Registration limit
The VAT registration threshold rises from £64,000 to £67,000 from 1 April 2008.
The turnover limit for deregistration will be increased from £62,000 to £65,000.
VAT exemption for fund management
Group 5 of Schedule 9 to the VAT Act 1994 will be amended from 1 October 2008 to delete trust-based schemes and add closed-ended investment entities, which invest in securities and whose shares are included in the UK Listing Authority main Official List and funds established outside the UK, which are recognised overseas schemes under the Financial Services & Markets Act 2000.
Indirect tax returns: correction of errors
From 1 July 2008 the £2,000 limit below which errors on previous VAT, returns may be corrected on the return for the period in which the errors are discovered will be increased to the greater of:
i) £10,000, or
ii) 1 per cent of turnover, subject to an upper limit of £50,000.
A similar will apply to corrections of returns of insurance premium tax (IPT), air passenger duty (APD), landfill tax (LFT), climate change levy (CCL) and aggregates levy (AGL).
This change will benefit many taxpayers although the ability to "bury" very sizeable errors on subsequent returns could be open to abuse and it remains to be seen how HMRC will police the use of this provision.
Fuel scale charge
The fuel scale charges will increase significantly from the start of the next VAT accounting period beginning on or after 1 May 2008. For example, for a car with CO2 emissions over 235g/Km the quarterly VAT charge will be £71.94, compared with £63.45 above the current maximum of 240g/Km.
Reduced rate retained on smoking cessation products
To continue to support citizens trying to quit smoking the Chancellor announced that the reduced VAT rate of 5 per cent for ‘over the counter’ sales of pharmaceutical smoking cessation products will continue to have effect from 1 July 2008. This was due to expire on 30 June.
Transitional period for claims
We were expecting this one after the House of Lords judgments in January 2008 in Michael Fleming (trading as Bodycraft) and Condé Nast Publications Ltd.
This affects businesses registered for VAT between 1 April 1973 and 1 May 1997 who either declared more output VAT than they were liable for, or claimed less input VAT than entitled to.
The Finance Bill 2008 will provide a transitional period to 31 March 2009, during which businesses can make claims for overpayments (or further re-claims) of VAT accrued before the introduction of the three-year cap on 1 May 1997 – in other words, for periods between 1 April 1973 and 1 May 1997 - before they become subject to the three-year time limit.
Assessments to recover amounts incorrectly paid by HMRC to businesses who claim under these provisions must be made within two years of HMRC having acquired evidence of facts, sufficient to justify the making of the assessment.
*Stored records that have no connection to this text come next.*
(* Let $\mathcal C$ be an infinitary clone $\tau$-algebra and $a\in C$. Then $a$ is central if and only if the following hold for all elements of $C$: (C1) $q(a,x,x,\dots)=x$; (C2) $q\big(a,\,q(a,x_0^0,x_0^1,\dots),\,q(a,x_1^0,x_1^1,\dots),\,q(a,x_2^0,x_2^1,\dots),\dots\big)=q(a,x_0^0,x_1^1,x_2^2,\dots)$; (C3) $q\big(a,\,q(y_0,z_0^0,z_1^0,\dots),\,q(y_1,z_0^1,z_1^1,\dots),\dots\big)=q\big(q(a,y_0,y_1,\dots),\,q(a,z_0^0,z_0^1,\dots),\,q(a,z_1^0,z_1^1,\dots),\dots\big)$.
   Context: $\tau$ is a set of $\omega$-ary operation symbols disjoint from $\{q\}\cup\{e_i:i\in\omega\}$. An infinitary clone $\tau$-algebra is an algebra $\mathcal C$ with constants $e_i$ ($i\in\omega$), a constant $f$ for each $f\in\tau$, and an $\omega$-ary operation $q$, satisfying (N1) $q(e_i,x_0,x_1,\dots)=x_i$; (N2) $q(x,e_0,e_1,\dots)=x$; (N3) $q(q(x,y_0,y_1,\dots),\boldsymbol z)=q(x,q(y_0,\boldsymbol z),q(y_1,\boldsymbol z),\dots)$ with $\boldsymbol z=(z_0,z_1,\dots)$. A sequence $(\theta_0,\theta_1,\dots)$ of congruences of $\mathcal C$ is a sequence of complementary factor congruences if $\bigcap_{i\in\omega}\theta_i$ is the identity relation on $C$ and for every $s\in C^\omega$ there is $b\in C$ with $(b,s_i)\in\theta_i$ for all $i\in\omega$. An element $a\in C$ is central if the principal congruences $\theta(a,e_i)$ generated by the pairs $(a,e_i)$, $i\in\omega$, form a sequence of complementary factor congruences. *)

theory Defs
  imports Main
begin

text \<open>An infinitary clone tau-algebra, given by its carrier C, the constants e_i,
 the constants fc g for g in T (the symbols of tau), and the omega-ary operation q.\<close>

definition seq_in :: "'a set \<Rightarrow> (nat \<Rightarrow> 'a) \<Rightarrow> bool" where
  "seq_in C s \<longleftrightarrow> (\<forall>i. s i \<in> C)"

definition clone_alg ::
  "'a set \<Rightarrow> (nat \<Rightarrow> 'a) \<Rightarrow> ('a \<Rightarrow> (nat \<Rightarrow> 'a) \<Rightarrow> 'a) \<Rightarrow> 'b set \<Rightarrow> ('b \<Rightarrow> 'a) \<Rightarrow> bool" where
  "clone_alg C e q T fc \<longleftrightarrow>
     (\<forall>i. e i \<in> C) \<and> (\<forall>g\<in>T. fc g \<in> C) \<and>
     (\<forall>x\<in>C. \<forall>y. seq_in C y \<longrightarrow> q x y \<in> C) \<and>
     (\<forall>i. \<forall>x. seq_in C x \<longrightarrow> q (e i) x = x i) \<and>
     (\<forall>x\<in>C. q x e = x) \<and>
     (\<forall>x\<in>C. \<forall>y z. seq_in C y \<longrightarrow> seq_in C z \<longrightarrow>
        q (q x y) z = q x (\<lambda>i. q (y i) z))"

text \<open>Congruences of the algebra (constants are trivially respected; q must be).\<close>
definition congruence :: "'a set \<Rightarrow> ('a \<Rightarrow> (nat \<Rightarrow> 'a) \<Rightarrow> 'a) \<Rightarrow> 'a rel \<Rightarrow> bool" where
  "congruence C q \<theta> \<longleftrightarrow> equiv C \<theta> \<and>
     (\<forall>x x' y y'. (x, x') \<in> \<theta> \<longrightarrow> seq_in C y \<longrightarrow> seq_in C y' \<longrightarrow>
        (\<forall>i. (y i, y' i) \<in> \<theta>) \<longrightarrow> (q x y, q x' y') \<in> \<theta>)"

definition principal_cong :: "'a set \<Rightarrow> ('a \<Rightarrow> (nat \<Rightarrow> 'a) \<Rightarrow> 'a) \<Rightarrow> 'a \<Rightarrow> 'a \<Rightarrow> 'a rel" where
  "principal_cong C q a b = \<Inter> {\<theta>. congruence C q \<theta> \<and> (a, b) \<in> \<theta>}"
There will now be a new two-year time limit from the end of the accounting period in which an erroneous payment is made to ensure that HMRC are able recover amounts paid out where it is later discovered repayment was mistaken.
Option to tax
There will be some welcome simplification of the not-at-all simple rules for the option to tax land and/or buildings from 1 June 2008, and some minor changes to enable taxpayers to revoke an option to tax after 20 years. The earliest date an option to tax will be revocable will be 1 August 2009.
There will also be a number of associated changes to improve practical administration of the option to tax and its revocation, including:
• opted properties held in a VAT group;
• opted buildings acquired for use as dwellings or relevant residential purpose and bare land acquired for construction of building for such purposes;
• the introduction of a new option to simplify the option to tax process for taxpayers with a number of properties;
• early revocation of an option to tax within a “cooling-off” period;
• the automatic lapse of an option to tax six years after the taxpayer ceased to have any interest in a property that they had previously opted to tax;
• the ability, in certain circumstances, to exclude a new building from a previous option to tax; and
• late applications for permission to opt to tax.
Withdrawal of the Staff Hire Concession
There is currently a concessionary arrangement whereby employment businesses are allowed to exclude the wages element from the value of supplies of temporary workers, and to account for VAT solely on their margin. This concession will be withdrawn with effect from 1 April 2009.
This could have a serious impact not only on employment bureaux but also any of their customers who are not able to fully recover the VAT charged to them e.g. finance sector, health and care sector, education sector, charities and some parts of the public sector. However, as this change was first proposed back in 2006 most should have been making arrangements to minimise the impact of the change.